» **TASK REQUIREMENTS**
Return every line in the entries below where the word "auto" shows up.

Records contained in a dataset
··········
lemma viscosity_subsolution_le_barrier:
  fixes \<nu> :: "real^'n"
  assumes nu: "norm \<nu> = 1" and a: "0 < a" and K: "0 < K"
    and K_large: "2 * a * Lam * real (CARD('n) - 1) < lam * K"
    and cont: "continuous_on (SigmaR \<nu> R) w"
    and sub: "visc_sub_Pplus lam Lam (SigmaR \<nu> R) w"
    and neu: "visc_neumann \<nu> (SigmaR \<nu> R) (GammaN \<nu> \<inter> SigmaR \<nu> R) w"
    and dir: "\<forall>x\<in>GammaD \<nu> \<inter> SigmaR \<nu> R. w x = 0"
    and lateral: "\<forall>x\<in>SigmaR \<nu> R. w x \<le> a * R^2"
    and x: "x \<in> SigmaR \<nu> R"
  shows "w x \<le> barrier \<nu> a K x"
proof -
  let ?S = "SigmaR \<nu> R" and ?\<psi> = "barrier \<nu> a K"
  let ?D\<psi> = "\<lambda>x. (2*a) *\<^sub>R x + (-(2*a + K) * (x \<bullet> \<nu>) + a) *\<^sub>R \<nu>"
  have "?S \<noteq> {}" using x by blast
  then obtain y where y: "y \<in> ?S" and y_max: "\<forall>z\<in>?S. w z - ?\<psi> z \<le> w y - ?\<psi> y"
    using continuous_attains_sup[OF compact_SigmaR[OF nu] _ continuous_on_diff[OF cont continuous_on_barrier]]
    by blast
  have touch: "touches_above ?S w ?\<psi> y"
    unfolding touches_above_def using y_max by (intro exI[of _ 1]) auto
  have y_slab: "y \<in> slab \<nu>" using y by (simp add: SigmaR_def)
  have "w y \<le> ?\<psi> y"
    using y
  proof (cases rule: SigmaR_cases)
    case 1
    hence "w y = 0" using dir y by blast
    thus ?thesis using barrier_nonneg[OF y_slab] a K by simp
  next
    case 2
    have "?D\<psi> y \<bullet> \<nu> \<le> 0"
      using y 2 by (intro neu[unfolded visc_neumann_def, THEN conjunct1, rule_format,
          OF _ conjI[OF C2_test_barrier[OF nu] touch]]) blast
    moreover have "?D\<psi> y \<bullet> \<nu> = a"
      using 2 nu by (simp add: GammaN_def inner_add_left norm_eq_1)
    ultimately show ?thesis using a by simp
  next
    case 3
    have "0 \<le> R" using y by (auto simp: SigmaR_def intro: order_trans[OF norm_ge_zero])
    hence "a * R^2 \<le> a * (norm (tang \<nu> y))^2"
      using 3 a by (intro mult_left_mono power_mono) auto
    moreover have "w y \<le> a * R^2" using lateral y by blast
    ultimately show ?thesis using barrier_ge[OF y_slab less_imp_le[OF a] less_imp_le[OF K]] by linarith
  next
    case 4
    have "- pucci_plus lam Lam (scaled_id_plus_rank_one (2*a) (-(2*a + K)) \<nu>) \<le> 0"
      using sub[unfolded visc_sub_Pplus_def, rule_format, OF 4 conjI[OF C2_test_barrier[OF nu] touch]]
      by simp
    moreover have "pucci_plus lam Lam (scaled_id_plus_rank_one (2*a) (-(2*a + K)) \<nu>)
                     = 2 * a * Lam * real (CARD('n) - 1) - lam * K"
      using a K by (subst pucci_plus_scaled_id_plus_rank_one[OF nu]) (auto simp: algebra_simps)
    ultimately show ?thesis using K_large by simp
  qed
  moreover have "w x - ?\<psi> x \<le> w y - ?\<psi> y" using y_max x by blast
  ultimately show ?thesis by linarith
qed

lemma viscosity_supersolution_ge_neg_barrier:
  fixes \<nu> :: "real^'n"
  assumes nu: "norm \<nu> = 1" and a: "0 < a" and K: "0 < K"
    and K_large: "2 * a * Lam * real (CARD('n) - 1) < lam * K"
    and cont: "continuous_on (SigmaR \<nu> R) w"
    and super: "visc_super_Pminus lam Lam (SigmaR \<nu> R) w"
    and neu: "visc_neumann \<nu> (SigmaR \<nu> R) (GammaN \<nu> \<inter> SigmaR \<nu> R) w"
    and dir: "\<forall>x\<in>GammaD \<nu> \<inter> SigmaR \<nu> R. w x = 0"
    and lateral: "\<forall>x\<in>SigmaR \<nu> R. - (a * R^2) \<le> w x"
    and x: "x \<in> SigmaR \<nu> R"
  shows "- barrier \<nu> a K x \<le> w x"
proof -
  let ?S = "SigmaR \<nu> R" and ?\<phi> = "\<lambda>x. - barrier \<nu> a K x"
  let ?D\<phi> = "\<lambda>x. (-2*a) *\<^sub>R x + ((2*a + K) * (x \<bullet> \<nu>) + -a) *\<^sub>R \<nu>"
  have "continuous_on ?S ?\<phi>" by (intro continuous_intros continuous_on_barrier)
  moreover have "?S \<noteq> {}" using x by blast
  ultimately obtain y where y: "y \<in> ?S" and y_min: "\<forall>z\<in>?S. w y - ?\<phi> y \<le> w z - ?\<phi> z"
    using continuous_attains_inf[OF compact_SigmaR[OF nu] _ continuous_on_diff[OF cont]]
    by blast
  have touch: "touches_below ?S w ?\<phi> y"
    unfolding touches_below_def using y_min by (intro exI[of _ 1]) auto
  have y_slab: "y \<in> slab \<nu>" using y by (simp add: SigmaR_def)
  have "?\<phi> y \<le> w y"
    using y
  proof (cases rule: SigmaR_cases)
    case 1
    hence "w y = 0" using dir y by blast
    thus ?thesis using barrier_nonneg[OF y_slab] a K by simp
  next
    case 2
    have "?D\<phi> y \<bullet> \<nu> \<ge> 0"
      using y 2 by (intro neu[unfolded visc_neumann_def, THEN conjunct2, rule_format,
          OF _ conjI[OF C2_test_neg_barrier[OF nu] touch]]) blast
    moreover have "?D\<phi> y \<bullet> \<nu> = - a"
      using 2 nu by (simp add: GammaN_def inner_add_left inner_diff_left norm_eq_1)
    ultimately show ?thesis using a by simp
  next
    case 3
    have "0 \<le> R" using y by (auto simp: SigmaR_def intro: order_trans[OF norm_ge_zero])
    hence "a * R^2 \<le> a * (norm (tang \<nu> y))^2"
      using 3 a by (intro mult_left_mono power_mono) auto
    moreover have "- (a * R^2) \<le> w y" using lateral y by blast
    ultimately show ?thesis using barrier_ge[OF y_slab less_imp_le[OF a] less_imp_le[OF K]] by linarith
  next
    case 4
    have "- pucci_minus lam Lam (scaled_id_plus_rank_one (-2*a) (2*a + K) \<nu>) \<ge> 0"
      using super[unfolded visc_super_Pminus_def, rule_format, OF 4 conjI[OF C2_test_neg_barrier[OF nu] touch]]
      by simp
    moreover have "pucci_minus lam Lam (scaled_id_plus_rank_one (-2*a) (2*a + K) \<nu>)
                     = lam * K - 2 * a * Lam * real (CARD('n) - 1)"
      using a K by (subst pucci_minus_scaled_id_plus_rank_one[OF nu]) (auto simp: algebra_simps)
    ultimately show ?thesis using K_large by simp
  qed
  moreover have "w y - ?\<phi> y \<le> w x - ?\<phi> x" using y_min x by blast
  ultimately show ?thesis by linarith
qed

lemma viscosity_solution_abs_le_barrier:
  fixes \<nu> :: "real^'n"
  assumes nu: "norm \<nu> = 1" and a: "0 < a" and K: "0 < K"
    and K_large: "2 * a * Lam * real (CARD('n) - 1) < lam * K"
    and cont: "continuous_on (SigmaR \<nu> R) w"
    and sub: "visc_sub_Pplus lam Lam (SigmaR \<nu> R) w"
    and super: "visc_super_Pminus lam Lam (SigmaR \<nu> R) w"
    and neu: "visc_neumann \<nu> (SigmaR \<nu> R) (GammaN \<nu> \<inter> SigmaR \<nu> R) w"
    and dir: "\<forall>x\<in>GammaD \<nu> \<inter> SigmaR \<nu> R. w x = 0"
    and bound: "\<forall>x\<in>SigmaR \<nu> R. \<bar>w x\<bar> \<le> a * R^2"
    and x: "x \<in> SigmaR \<nu> R"
  shows "\<bar>w x\<bar> \<le> barrier \<nu> a K x"
proof -
  have "\<forall>z\<in>SigmaR \<nu> R. w z \<le> a * R^2" "\<forall>z\<in>SigmaR \<nu> R. - (a * R^2) \<le> w z"
    using bound by (auto simp: abs_le_iff)
  thus ?thesis
    using viscosity_subsolution_le_barrier[OF nu a K K_large cont sub neu dir _ x]
      viscosity_supersolution_ge_neg_barrier[OF nu a K K_large cont super neu dir _ x]
    by (simp add: abs_le_iff)
qed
··········
» **TASK OUTPUT**
    unfolding touches_above_def using y_max by (intro exI[of _ 1]) auto
    have "0 \<le> R" using y by (auto simp: SigmaR_def intro: order_trans[OF norm_ge_zero])
      using 3 a by (intro mult_left_mono power_mono) auto
      using a K by (subst pucci_plus_scaled_id_plus_rank_one[OF nu]) (auto simp: algebra_simps)
    unfolding touches_below_def using y_min by (intro exI[of _ 1]) auto
    have "0 \<le> R" using y by (auto simp: SigmaR_def intro: order_trans[OF norm_ge_zero])
      using 3 a by (intro mult_left_mono power_mono) auto
      using a K by (subst pucci_minus_scaled_id_plus_rank_one[OF nu]) (auto simp: algebra_simps)
    using bound by (auto simp: abs_le_iff)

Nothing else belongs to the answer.